==== DATA FOR ANALYSIS

text \<open>The regular normals approximating the \<open>k\<close>-th limiting normal are taken within \<open>t\<^sub>k / (k+1)\<close> of the base
  point, so that the rescaled directions still converge to \<open>w\<close>.\<close>

lemma dir_limiting_normal_coneI_limiting:
  assumes tpos: "\<And>k. t k > 0" and t0: "t \<longlonglongrightarrow> 0" and q: "q \<longlonglongrightarrow> w" and zv: "z \<longlonglongrightarrow> v"
    and N: "\<And>k. z k \<in> limiting_normal_cone D (y + t k *\<^sub>R q k)"
  shows "v \<in> dir_limiting_normal_cone D y w"
proof -
  have "\<exists>a b. norm (a - (y + t k *\<^sub>R q k)) < t k * inverse (real (Suc k))
        \<and> norm (b - z k) < inverse (real (Suc k)) \<and> b \<in> regular_normal_cone D a" for k
    using limiting_normal_cone_approx_regular[OF N[of k]] tpos[of k] by (metis mult_pos_pos
      inverse_positive_iff_positive of_nat_0_less_iff zero_less_Suc)
  then obtain A B where A: "\<And>k. norm (A k - (y + t k *\<^sub>R q k)) < t k * inverse (real (Suc k))"
    and B: "\<And>k. norm (B k - z k) < inverse (real (Suc k))"
    and AB: "\<And>k. B k \<in> regular_normal_cone D (A k)"
    by metis
  define r where "r k = inverse (t k) *\<^sub>R (A k - y)" for k
  have A_eq: "A k = y + t k *\<^sub>R r k" for k
    using tpos[of k] by (simp add: r_def)
  have r_close: "norm (r k - q k) \<le> inverse (real (Suc k))" for k
  proof -
    have "norm (r k - q k) = inverse (t k) * norm (A k - (y + t k *\<^sub>R q k))"
      using tpos[of k] by (simp add: A_eq flip: scaleR_diff_right)
    also have "\<dots> \<le> inverse (t k) * (t k * inverse (real (Suc k)))"
      using A[of k] tpos[of k] by (intro mult_left_mono) auto
    also have "\<dots> = inverse (real (Suc k))" using tpos[of k] by simp
    finally show ?thesis .
  qed
  have "r \<longlonglongrightarrow> w" using q r_close by (rule LIMSEQ_close_inverse_Suc)
  moreover have "B \<longlonglongrightarrow> v" using zv by (rule LIMSEQ_close_inverse_Suc) (rule less_imp_le[OF B])
  moreover have "\<forall>k. B k \<in> regular_normal_cone D (y + t k *\<^sub>R r k)"
    using AB by (simp flip: A_eq)
  ultimately show ?thesis
    unfolding dir_limiting_normal_cone_def using tpos t0 by blast
qed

========

**ABOUT THIS TASK:** Beginning at the top of the data, please return every line until and including the line containing "(Suc k)) \<and>", copied exactly, and nothing past it.

**TASK RESULT:**
text \<open>The regular normals approximating the \<open>k\<close>-th limiting normal are taken within \<open>t\<^sub>k / (k+1)\<close> of the base
  point, so that the rescaled directions still converge to \<open>w\<close>.\<close>

lemma dir_limiting_normal_coneI_limiting:
  assumes tpos: "\<And>k. t k > 0" and t0: "t \<longlonglongrightarrow> 0" and q: "q \<longlonglongrightarrow> w" and zv: "z \<longlonglongrightarrow> v"
    and N: "\<And>k. z k \<in> limiting_normal_cone D (y + t k *\<^sub>R q k)"
  shows "v \<in> dir_limiting_normal_cone D y w"
proof -
  have "\<exists>a b. norm (a - (y + t k *\<^sub>R q k)) < t k * inverse (real (Suc k))
        \<and> norm (b - z k) < inverse (real (Suc k)) \<and> b \<in> regular_normal_cone D a" for k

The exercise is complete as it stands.